When Should You Appeal a Court Decision in Ontario?
- Ken Wise
- Mar 25
- 3 min read
Losing a court case can be devastating, but it does not always mean the fight is over. If a judge made a legal error, misapplied the law, or reached a decision that is clearly unreasonable, you may have grounds to appeal. Understanding when an appeal is available — and when it is not — is the first step toward deciding how to move forward.
What Is an Appeal?
An appeal is not a new trial. It is a review of the original court's decision by a higher court. The appellate court examines whether the trial judge made errors in law, procedure, or in assessing the evidence. In Ontario, most appeals from the Superior Court of Justice go to the Ontario Court of Appeal, while appeals from the Ontario Court of Justice typically go to the Superior Court. Appeals from administrative tribunals — such as the Landlord and Tenant Board or the Human Rights Tribunal of Ontario — generally go to the Divisional Court.
Common Grounds for Appeal in Ontario
Not every unfavourable decision can be appealed. Appellate courts will only intervene where there is a reviewable error. The most common grounds include:
Errors of law: The trial judge misinterpreted or misapplied a legal principle. This is the strongest ground for appeal because appellate courts review legal questions on a standard of correctness.
Errors in fact-finding: The trial judge made a palpable and overriding error in assessing the evidence. This is a high bar — appellate courts give significant deference to trial judges on factual findings.
Mixed errors of fact and law: The trial judge applied the wrong legal test to the facts, or drew legal conclusions from facts that cannot support them.
Procedural unfairness: You were denied a fair hearing, denied the right to present evidence, or the judge showed bias.
Unreasonable verdict: In criminal cases, the verdict is one that no properly instructed jury or judge could reasonably have reached.
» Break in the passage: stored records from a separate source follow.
(* Let $p\ge2$. For every $\beta>0$ and $x>0$, almost surely $$\lim_{N\to\infty}AF_N(\beta)=\max_{m\in[0,1]}\Big(F\Big(\beta,\frac{\beta^2pm^{p-1}}{2}\Big)-\frac{\beta^2(p-1)m^p}{2}\Big),$$ $$\lim_{N\to\infty}L_N(x)=\max_{m\in[0,1]}\Big(F\Big(\beta,\frac{\beta xpm^{p-1}}{2}\Big)-\frac{\beta x(p-1)m^p}{2}\Big).$$
   Context: $\Sigma_N=\{-1,1\}^N$, $(g_{i_1,\dots,i_p})$ i.i.d. standard Gaussians, $H_N(\sigma)=N^{-(p-1)/2}\sum_{1\le i_1,\dots,i_p\le N}g_{i_1,\dots,i_p}\sigma_{i_1}\cdots\sigma_{i_p}$. Let $h=(h_i)_{i\le N}$ be i.i.d. uniform signs in $\{\pm1\}$ independent of $g$, and $m_N(\sigma)=\frac1N\sum_{i=1}^Nh_i\sigma_i$. Define $F_N(\beta,y)=\frac1N\log\sum_{\sigma}2^{-N}\exp\big(\tfrac\beta{\sqrt2}H_N(\sigma)+yNm_N(\sigma)\big)$; it is known that $F_N(\beta,y)$ converges a.s. to a nonrandom limit $F(\beta,y)$ (given by the Parisi formula), which is differentiable in $y$ with $\partial_yF(\beta,y)>0$ for $y>0$. Further, $AF_N(\beta)=\frac1N\log\sum_{\sigma}2^{-N}\exp\big(\tfrac\beta{\sqrt2}H_N(\sigma)+\tfrac{\beta^2}{2}Nm_N(\sigma)^p\big)$ and, for $x>0$, $L_N(x)=\frac1N\log\sum_{\sigma}2^{-N}\exp\big(\tfrac\beta{\sqrt2}H_N(\sigma)+\tfrac{\beta x}{2}Nm_N(\sigma)^p\big)$. *)

theory Defs
  imports "HOL-Probability.Probability"
begin

text \<open>Index convention: spins and indices are 0-based, i.e. i ranges over {..<N}
  instead of {1..N}; a multi-index (i_1,...,i_p) is a list of length p.\<close>

definition cfg :: "nat \<Rightarrow> (nat \<Rightarrow> real) set" where
  "cfg N = PiE {..<N} (\<lambda>_. {-1, 1})"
Time Limits for Filing an Appeal
Time limits for appeals in Ontario are strict and cannot usually be extended without a court order. In most civil cases, you have 30 days from the date of the order to file a Notice of Appeal with the Court of Appeal. For criminal matters, the deadline is also typically 30 days from the date of sentence. Missing these deadlines can extinguish your right to appeal entirely, which is why it is critical to consult an appellate lawyer as soon as possible after an unfavourable decision.
What an Appellate Lawyer Does Differently
Appellate advocacy is a specialized skill that differs significantly from trial work. Trial lawyers focus on presenting evidence and examining witnesses. Appellate lawyers focus on legal argument and persuasive writing. The core of any appeal is the factum — a written argument that sets out the facts, identifies the errors in the decision below, and explains why the law requires a different result. A well-crafted factum is often the single most important factor in the outcome of an appeal.
When an Appeal May Not Be the Right Path
It is equally important to recognize when an appeal is unlikely to succeed. If the trial judge made no legal errors and the factual findings are reasonable, an appellate court will not substitute its own view of the evidence. Appeals are not an opportunity to re-argue the case. A candid assessment of the merits before committing to an appeal can save significant time, money, and emotional energy. The best appellate lawyers are the ones who tell you honestly whether your case has legs.